Он вытащил бумажник, заглянул в него и расхохотался.
— Собственно, для меня все равно, — сказал он. — Ну, скажем, на восемь тысяч песет. Тут, кажется, наберется.
Это по тогдашнему курсу равнялось почти тысяче долларов.
— Идет, — сказал я, и все чувство внутреннего покоя мигом исчезло и опять сменилось пустым холодком риска. — Кто начинает?
— Раскрывайте вы.
Мы потрясли тяжелые серебряные монеты по пяти песет в сложенных ладонях. Потом каждый оставил свою монету лежать на левой ладони, прикрывая ее правой.
— Что у вас? — спросил он.
Я открыл профиль Альфонса XIII в младенчестве.
— Король, — сказал я.
— Берите все эти бумажонки и, сделайте одолжение, закажите еще выпить. — Он опорожнил свой бумажник. — Не купите ли у меня хорошую двустволку?
— Нет, — сказал я. — Но, послушайте, Луис, если вам нужны деньги…
Я протянул ему туго сложенную пачку толстых глянцевито-зеленых тысячных банкнот.
— Не дурите, Энрике, — сказал он. — Мы ведь поспорили, не так ли?
— Разумеется. Но мы достаточно знаем друг друга.
— Видимо, недостаточно.
— Ладно, — сказал я. — Ваше дело. А что будем пить?
— Как вы насчет джина с хинной? Очень славный напиток.
Мы выпили джина с хинной, и хотя мне было ужасно неприятно, что я его обыграл, я все же был очень рад, что выиграл эти деньги; и джин с хинной казались мне вкусными, как никогда. К чему лгать о таких вещах и притворяться, что не радуешься выигрышу, но этот Луис Дельгадо был классный игрок.
— Не думаю, чтобы игра по средствам могла доставлять людям удовольствие. Как по-вашему, Энрике?
— Не знаю. Никогда не играл по средствам.
— Будет выдумывать. Ведь у вас куча денег.
— Если бы, — сказал я. — Но их нет.
— О, у каждого могут быть деньги, — сказал он. — Стоит только что-нибудь продать, вот вам и деньги.
— Но мне и продавать нечего. В том-то и дело.
— Выдумаете тоже. Я еще не встречал такого американца. Вы все богачи.
По-своему он был прав. В те дни других американцев он не встретил бы ни в «Ритце», ни у Чикоте. А теперь, оказавшись у Чикоте, он мог встретить таких американцев, каких раньше никогда не встречал, не считая меня, но я был исключением. И много бы я дал, чтобы не видеть его здесь.
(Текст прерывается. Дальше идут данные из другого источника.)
lemma picard_increment_bound:
  assumes holp: "p holomorphic_on ball x0 R" and eR: "e < R"
    and M: "M \<ge> 1" "e * M \<le> 1/2" and pM: "\<And>w. w \<in> cball x0 e \<Longrightarrow> norm (p w) \<le> M"
  shows "\<forall>x\<in>cball x0 e.
      norm (picard_y p x0 a b (Suc n) x - picard_y p x0 a b n x) \<le> (norm a + norm b) * (1/2)^n \<and>
      norm (picard_z p x0 a b (Suc n) x - picard_z p x0 a b n x) \<le> (norm a + norm b) * (1/2)^n"
proof (induction n)
  case 0
  show ?case
    by simp
next
  case (Suc n)
  have hol: "picard_y p x0 a b k holomorphic_on ball x0 R" "picard_z p x0 a b k holomorphic_on ball x0 R" for k
    using picard_holomorphic[OF holp] by auto
  show ?case
  proof
    fix x assume x: "x \<in> cball x0 e"
    have IH: "norm (picard_z p x0 a b (Suc n) w - picard_z p x0 a b n w) \<le> (norm a + norm b) * (1/2)^n"
      "norm (picard_y p x0 a b (Suc n) w - picard_y p x0 a b n w) \<le> (norm a + norm b) * (1/2)^n"
      if "w \<in> cball x0 e" for w
      using Suc that by blast+
    show "norm (picard_y p x0 a b (Suc (Suc n)) x - picard_y p x0 a b (Suc n) x) \<le> (norm a + norm b) * (1/2)^Suc n \<and>
        norm (picard_z p x0 a b (Suc (Suc n)) x - picard_z p x0 a b (Suc n) x) \<le> (norm a + norm b) * (1/2)^Suc n"
      using picard_step_bound(1)[OF holp eR M pM hol(2) hol(2) IH(1) x]
        picard_step_bound(2)[OF holp eR M pM hol(1) hol(1) IH(2) x]
      by (simp del: picard_z.simps picard_y.simps add: picard_y.simps(2) picard_z.simps(2))
  qed
qed

lemma picard_uniform_limit:
  assumes holp: "p holomorphic_on ball x0 R" and R: "R > 0"
  obtains e Y Z where "0 < e" "e < R"
    "uniform_limit (cball x0 e) (picard_y p x0 a b) Y sequentially"
    "uniform_limit (cball x0 e) (picard_z p x0 a b) Z sequentially"
proof -
  have "cball x0 (R/2) \<subseteq> ball x0 R" using R by auto
  then obtain B where "B \<ge> 0" and B: "\<And>w. w \<in> cball x0 (R/2) \<Longrightarrow> norm (p w) \<le> B"
    by (rule continuous_on_compact_bound[OF compact_cball
        continuous_on_subset[OF holomorphic_on_imp_continuous_on[OF holp]]]) blast
  define M where "M = max B 1"
  define e where "e = min (R/2) (1/(2*M))"
  have M: "M \<ge> 1" and e: "e > 0" "e < R" "e \<le> R/2"
    using R by (auto simp: M_def e_def)
  have "e * M \<le> 1/(2*M) * M"
    using M by (intro mult_right_mono) (auto simp: e_def)
  then have eM: "e * M \<le> 1/2" using M by simp
  have pM: "norm (p w) \<le> M" if "w \<in> cball x0 e" for w
    using B[of w] that e(3) by (auto simp: M_def)
  have summ: "summable (\<lambda>n. (norm a + norm b) * (1/2::real)^n)"
    by (intro summable_mult summable_geometric) simp
  note bound = picard_increment_bound[OF holp e(2) M eM pM]
  show ?thesis
    by (rule that[OF e(1,2) uniform_limit_summable_increments[OF _ summ]
          uniform_limit_summable_increments[OF _ summ]]) (use bound in blast)+
qed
Ну, а если уж он пошел на такое полнейшее идиотство, так пусть пеняет на себя. И все-таки, поглядывая на его столик и вспоминая прошлое, я жалел его, и мне было очень неприятно, что я дал официанту телефон отдела контрразведки Управления безопасности. Конечно, он узнал бы этот телефон, позвонив в справочное. Но я указал ему кратчайший путь для того, чтобы задержать Дельгадо, и сделал это в приступе объективной справедливости и невмешательства и нечистого желания поглядеть, как поведет себя человек в момент острого эмоционального конфликта, — словом, под влиянием того свойства, которое делает писателей такими привлекательными друзьями.
Подошел официант.
— Как же вы думаете? — спросил он.
— Я никогда не донес бы на него сам, — сказал я, стремясь оправдать перед самим собой то, что я сделал. — Но я иностранец, а это ваша война, и вам решать.
— Но вы-то с нами!
— Всецело и навсегда. Но это не означает, что я могу доносить на старых друзей.
— Ну, а я?
— Это совсем другое дело.
Я понимал, что все это так, и ничего другого не оставалось сказать ему, но я предпочел бы ничего об этом не слышать.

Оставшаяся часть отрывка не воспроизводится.